Proceedings of The Nutrition Society ◽

10.1017/s0029665107005332 ◽

2007 ◽

Vol 66 (1) ◽

pp. 96-112 ◽

Cited By ~ 133

Author(s):

Edmund T. Rolls

Keyword(s):

Food Intake ◽

Orbitofrontal Cortex ◽

Functional Neuroimaging ◽

Rhesus Macaques ◽

Human Subjects ◽

Sensory Properties ◽

Visual Inputs ◽

Reward Value ◽

Frontal Operculum ◽

Taste And Smell

Complementary neurophysiological recordings in rhesus macaques (Macaca mulatta) and functional neuroimaging in human subjects show that the primary taste cortex in the rostral insula and adjoining frontal operculum provides separate and combined representations of the taste, temperature and texture (including viscosity and fat texture) of food in the mouth independently of hunger and thus of reward value and pleasantness. One synapse on, in the orbitofrontal cortex, these sensory inputs are for some neurons combined by learning with olfactory and visual inputs. Different neurons respond to different combinations, providing a rich representation of the sensory properties of food. In the orbitofrontal cortex feeding to satiety with one food decreases the responses of these neurons to that food, but not to other foods, showing that sensory-specific satiety is computed in the primate (including the human) orbitofrontal cortex.

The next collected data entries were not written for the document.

(* Let $(H,G,\alpha,f)$ be a normalized crossed system such that $f$ is symmetric, i.e. $f(g_1,g_2)=f(g_2,g_1)$ for all $g_1,g_2\in G$. Then $$Z(H\#_\alpha^f G)=\{(h,g)\in H^G\times Z(G)\ :\ g\triangleright h'=h^{-1}h'h\ \text{for all } h'\in H\},$$ where $H^G=\{h\in H: g\triangleright h=h \text{ for all } g\in G\}$.
   Context: For groups $H,G$ and a map $\alpha:G\to\mathrm{Aut}(H)$ write $g\triangleright h:=\alpha(g)(h)$. A normalized crossed system is a quadruple $(H,G,\alpha,f)$ with maps $\alpha:G\to\mathrm{Aut}(H)$, $f:G\times G\to H$, $f(1,1)=1$, such that for all $g_1,g_2,g_3\in G$, $h\in H$: (WA) $g_1\triangleright(g_2\triangleright h)=f(g_1,g_2)\big((g_1g_2)\triangleright h\big)f(g_1,g_2)^{-1}$ and (CC) $f(g_1,g_2)f(g_1g_2,g_3)=\big(g_1\triangleright f(g_2,g_3)\big)f(g_1,g_2g_3)$. The crossed product $H\#_\alpha^f G$ is the group on the set $H\times G$ with multiplication $(h_1,g_1)\cdot(h_2,g_2)=\big(h_1(g_1\triangleright h_2)f(g_1,g_2),g_1g_2\big)$. *)

theory Defs
  imports "HOL-Algebra.Algebra"
begin

definition grp_center :: "('a, 'b) monoid_scheme \<Rightarrow> 'a set" where
  "grp_center G = {z \<in> carrier G. \<forall>x \<in> carrier G. z \<otimes>\<^bsub>G\<^esub> x = x \<otimes>\<^bsub>G\<^esub> z}"

text \<open>Normalized crossed system (H, G, alpha, f); alpha g h stands for g |> h.\<close>
definition crossed_system ::
  "('h, 'c) monoid_scheme \<Rightarrow> ('g, 'd) monoid_scheme \<Rightarrow> ('g \<Rightarrow> 'h \<Rightarrow> 'h) \<Rightarrow> ('g \<Rightarrow> 'g \<Rightarrow> 'h) \<Rightarrow> bool"
where
  "crossed_system H G \<alpha> f \<longleftrightarrow>
     group H \<and> group G \<and>
     (\<forall>g \<in> carrier G. \<alpha> g \<in> iso H H) \<and>
     (\<forall>g1 \<in> carrier G. \<forall>g2 \<in> carrier G. f g1 g2 \<in> carrier H) \<and>
     f \<one>\<^bsub>G\<^esub> \<one>\<^bsub>G\<^esub> = \<one>\<^bsub>H\<^esub> \<and>
     (\<forall>g1 \<in> carrier G. \<forall>g2 \<in> carrier G. \<forall>h \<in> carrier H.
        \<alpha> g1 (\<alpha> g2 h) = f g1 g2 \<otimes>\<^bsub>H\<^esub> \<alpha> (g1 \<otimes>\<^bsub>G\<^esub> g2) h \<otimes>\<^bsub>H\<^esub> inv\<^bsub>H\<^esub> (f g1 g2)) \<and>
     (\<forall>g1 \<in> carrier G. \<forall>g2 \<in> carrier G. \<forall>g3 \<in> carrier G.
        f g1 g2 \<otimes>\<^bsub>H\<^esub> f (g1 \<otimes>\<^bsub>G\<^esub> g2) g3 = \<alpha> g1 (f g2 g3) \<otimes>\<^bsub>H\<^esub> f g1 (g2 \<otimes>\<^bsub>G\<^esub> g3))"

definition crossed_product ::
  "('h, 'c) monoid_scheme \<Rightarrow> ('g, 'd) monoid_scheme \<Rightarrow> ('g \<Rightarrow> 'h \<Rightarrow> 'h) \<Rightarrow> ('g \<Rightarrow> 'g \<Rightarrow> 'h) \<Rightarrow> ('h \<times> 'g) monoid"
where
  "crossed_product H G \<alpha> f =
     \<lparr> carrier = carrier H \<times> carrier G,
       monoid.mult = (\<lambda>(h1, g1) (h2, g2).
                 (h1 \<otimes>\<^bsub>H\<^esub> \<alpha> g1 h2 \<otimes>\<^bsub>H\<^esub> f g1 g2, g1 \<otimes>\<^bsub>G\<^esub> g2)),
       monoid.one = (inv\<^bsub>H\<^esub> (f \<one>\<^bsub>G\<^esub> \<one>\<^bsub>G\<^esub>), \<one>\<^bsub>G\<^esub>) \<rparr>"

definition fixed_pts ::
  "('h, 'c) monoid_scheme \<Rightarrow> ('g, 'd) monoid_scheme \<Rightarrow> ('g \<Rightarrow> 'h \<Rightarrow> 'h) \<Rightarrow> 'h set"
where
  "fixed_pts H G \<alpha> = {h \<in> carrier H. \<forall>g \<in> carrier G. \<alpha> g h = h}"

end

theory Submission
  imports Defs
begin

(* Two elements (h,g) and (h',g') of H #_alpha^f G multiply to
   (h (g|>h') f(g,g'), g g') and (h' (g'|>h) f(g',g), g' g).  When f is
   symmetric the cocycle factors agree and cancel, so (h,g) is central iff
     (i)  h (g|>h') = h' (g'|>h)  for all h' in H, g' in G, and
     (ii) g is central in G.
   Taking h' = 1 in (i) (every g'|> is a homomorphism, so g|>1 = 1) gives
   g'|>h = h, i.e. h is a fixed point; with that, (i) reads h (g|>h') = h' h,
   which is g|>h' = h^-1 h' h. *)

lemma crossed_system_groups:
  assumes "crossed_system H G \<alpha> f"
  shows "group H" and "group G"
  using assms unfolding crossed_system_def by blast+

lemma crossed_system_action_hom:
  assumes "crossed_system H G \<alpha> f" and "g \<in> carrier G"
  shows "\<alpha> g \<in> hom H H"
  using assms unfolding crossed_system_def iso_def by blast

lemma crossed_system_action_closed:
  assumes "crossed_system H G \<alpha> f" and "g \<in> carrier G" and "x \<in> carrier H"
  shows "\<alpha> g x \<in> carrier H"
  using crossed_system_action_hom[OF assms(1,2)] assms(3) by (rule hom_in_carrier)

lemma crossed_system_action_one:
  assumes "crossed_system H G \<alpha> f" and "g \<in> carrier G"
  shows "\<alpha> g \<one>\<^bsub>H\<^esub> = \<one>\<^bsub>H\<^esub>"
proof -
  interpret group_hom H H "\<alpha> g"
    using crossed_system_groups(1)[OF assms(1)] crossed_system_action_hom[OF assms]
    by (simp add: group_hom_def group_hom_axioms_def)
  show ?thesis by (rule hom_one)
qed

lemma crossed_system_cocycle_closed:
  assumes "crossed_system H G \<alpha> f" and "g1 \<in> carrier G" and "g2 \<in> carrier G"
  shows "f g1 g2 \<in> carrier H"
  using assms unfolding crossed_system_def by blast

lemma (in group) mult_eq_conj_iff:
  assumes "h \<in> carrier G" and "x \<in> carrier G" and "y \<in> carrier G"
  shows "h \<otimes> x = y \<otimes> h \<longleftrightarrow> x = inv h \<otimes> y \<otimes> h"
proof
  assume "h \<otimes> x = y \<otimes> h"
  then have "inv h \<otimes> (h \<otimes> x) = inv h \<otimes> (y \<otimes> h)" by simp
  then show "x = inv h \<otimes> y \<otimes> h"
    using assms by (simp add: m_assoc[symmetric])
next
  assume "x = inv h \<otimes> y \<otimes> h"
  then show "h \<otimes> x = y \<otimes> h"
    using assms by (simp add: m_assoc[symmetric])
qed

text \<open>If the cocycle is symmetric on the pair (g, g'), the cocycle factors of the two
  products coincide and cancel, leaving a condition on H and one on G.\<close>
lemma crossed_product_commute_iff:
  assumes cs: "crossed_system H G \<alpha> f" and sym: "f g g' = f g' g"
    and h: "h \<in> carrier H" and h': "h' \<in> carrier H"
    and g: "g \<in> carrier G" and g': "g' \<in> carrier G"
  shows "(h, g) \<otimes>\<^bsub>crossed_product H G \<alpha> f\<^esub> (h', g') =
           (h', g') \<otimes>\<^bsub>crossed_product H G \<alpha> f\<^esub> (h, g)
         \<longleftrightarrow> h \<otimes>\<^bsub>H\<^esub> \<alpha> g h' = h' \<otimes>\<^bsub>H\<^esub> \<alpha> g' h \<and> g \<otimes>\<^bsub>G\<^esub> g' = g' \<otimes>\<^bsub>G\<^esub> g"
proof -
  interpret H: group H by (rule crossed_system_groups(1)[OF cs])
  have "f g' g \<in> carrier H" by (rule crossed_system_cocycle_closed[OF cs g' g])
  moreover have "\<alpha> g h' \<in> carrier H" "\<alpha> g' h \<in> carrier H"
    using crossed_system_action_closed[OF cs] g g' h h' by auto
  ultimately show ?thesis
    using h h' sym by (simp add: crossed_product_def H.r_cancel)
qed

lemma crossed_product_center_iff:
  assumes cs: "crossed_system H G \<alpha> f"
    and sym: "\<forall>g1 \<in> carrier G. \<forall>g2 \<in> carrier G. f g1 g2 = f g2 g1"
  shows "(h, g) \<in> grp_center (crossed_product H G \<alpha> f) \<longleftrightarrow>
           h \<in> carrier H \<and> g \<in> grp_center G \<and>
           (\<forall>h' \<in> carrier H. \<forall>g' \<in> carrier G. h \<otimes>\<^bsub>H\<^esub> \<alpha> g h' = h' \<otimes>\<^bsub>H\<^esub> \<alpha> g' h)"
proof -
  interpret H: group H by (rule crossed_system_groups(1)[OF cs])
  have carrier_cp: "carrier (crossed_product H G \<alpha> f) = carrier H \<times> carrier G"
    by (simp add: crossed_product_def)
  have "(h, g) \<in> grp_center (crossed_product H G \<alpha> f) \<longleftrightarrow>
          h \<in> carrier H \<and> g \<in> carrier G \<and>
          (\<forall>h' \<in> carrier H. \<forall>g' \<in> carrier G.
             (h, g) \<otimes>\<^bsub>crossed_product H G \<alpha> f\<^esub> (h', g') =
             (h', g') \<otimes>\<^bsub>crossed_product H G \<alpha> f\<^esub> (h, g))"
    unfolding grp_center_def carrier_cp by auto
  also have "\<dots> \<longleftrightarrow> h \<in> carrier H \<and> g \<in> carrier G \<and>
          (\<forall>h' \<in> carrier H. \<forall>g' \<in> carrier G.
             h \<otimes>\<^bsub>H\<^esub> \<alpha> g h' = h' \<otimes>\<^bsub>H\<^esub> \<alpha> g' h \<and> g \<otimes>\<^bsub>G\<^esub> g' = g' \<otimes>\<^bsub>G\<^esub> g)"
    using crossed_product_commute_iff[OF cs] sym by (metis (no_types, lifting))
  also have "\<dots> \<longleftrightarrow> h \<in> carrier H \<and> g \<in> grp_center G \<and>
          (\<forall>h' \<in> carrier H. \<forall>g' \<in> carrier G. h \<otimes>\<^bsub>H\<^esub> \<alpha> g h' = h' \<otimes>\<^bsub>H\<^esub> \<alpha> g' h)"
    unfolding grp_center_def using H.one_closed by blast
  finally show ?thesis .
qed

text \<open>With h' = 1 the condition forces h to be a fixed point of the action; once h is
  fixed, the condition says exactly that g acts on H as conjugation by h.\<close>
lemma twisted_commutation_iff:
  assumes cs: "crossed_system H G \<alpha> f" and h: "h \<in> carrier H" and g: "g \<in> carrier G"
  shows "(\<forall>h' \<in> carrier H. \<forall>g' \<in> carrier G. h \<otimes>\<^bsub>H\<^esub> \<alpha> g h' = h' \<otimes>\<^bsub>H\<^esub> \<alpha> g' h) \<longleftrightarrow>
           h \<in> fixed_pts H G \<alpha> \<and>
           (\<forall>h' \<in> carrier H. \<alpha> g h' = inv\<^bsub>H\<^esub> h \<otimes>\<^bsub>H\<^esub> h' \<otimes>\<^bsub>H\<^esub> h)"
    (is "?commute \<longleftrightarrow> ?fixed \<and> ?conj")
proof
  interpret H: group H by (rule crossed_system_groups(1)[OF cs])
  have conj_iff: "h \<otimes>\<^bsub>H\<^esub> \<alpha> g h' = h' \<otimes>\<^bsub>H\<^esub> h \<longleftrightarrow> \<alpha> g h' = inv\<^bsub>H\<^esub> h \<otimes>\<^bsub>H\<^esub> h' \<otimes>\<^bsub>H\<^esub> h"
    if "h' \<in> carrier H" for h'
    using H.mult_eq_conj_iff crossed_system_action_closed[OF cs g that] h that by blast
  {
    assume commute: ?commute
    have fixed: "\<alpha> g' h = h" if "g' \<in> carrier G" for g'
      using commute[rule_format, OF H.one_closed that] h g that
        crossed_system_action_one[OF cs g] crossed_system_action_closed[OF cs] by simp
    then show "?fixed \<and> ?conj"
      using commute conj_iff h g unfolding fixed_pts_def by auto
  }
  {
    assume "?fixed \<and> ?conj"
    then show ?commute
      using conj_iff unfolding fixed_pts_def by auto
  }
qed

theorem corollary1p11:
  assumes "crossed_system H G \<alpha> f"
    and "\<forall>g1 \<in> carrier G. \<forall>g2 \<in> carrier G. f g1 g2 = f g2 g1"
  shows "grp_center (crossed_product H G \<alpha> f) =
           {(h, g). h \<in> fixed_pts H G \<alpha> \<and> g \<in> grp_center G \<and>
              (\<forall>h' \<in> carrier H. \<alpha> g h' = inv\<^bsub>H\<^esub> h \<otimes>\<^bsub>H\<^esub> h' \<otimes>\<^bsub>H\<^esub> h)}"
proof -
  have "(h, g) \<in> grp_center (crossed_product H G \<alpha> f) \<longleftrightarrow>
        h \<in> fixed_pts H G \<alpha> \<and> g \<in> grp_center G \<and>
        (\<forall>h' \<in> carrier H. \<alpha> g h' = inv\<^bsub>H\<^esub> h \<otimes>\<^bsub>H\<^esub> h' \<otimes>\<^bsub>H\<^esub> h)" for h g
  proof -
    have "h \<in> fixed_pts H G \<alpha> \<Longrightarrow> h \<in> carrier H"
      unfolding fixed_pts_def by blast
    moreover have "g \<in> grp_center G \<Longrightarrow> g \<in> carrier G"
      unfolding grp_center_def by blast
    ultimately show ?thesis
      using crossed_product_center_iff[OF assms] twisted_commutation_iff[OF assms(1)] by blast
  qed
  then show ?thesis by auto
qed

end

Consistently, activation of parts of the human orbitofrontal cortex correlates with subjective ratings of the pleasantness of the taste and smell of food. Cognitive factors, such as a word label presented with an odour, influence the pleasantness of the odour, and the activation produced by the odour in the orbitofrontal cortex. Food intake is thus controlled by building a multimodal representation of the sensory properties of food in the orbitofrontal cortex and gating this representation by satiety signals to produce a representation of the pleasantness or reward value of food that drives food intake. Factors that lead this system to become unbalanced and contribute to overeating and obesity are described.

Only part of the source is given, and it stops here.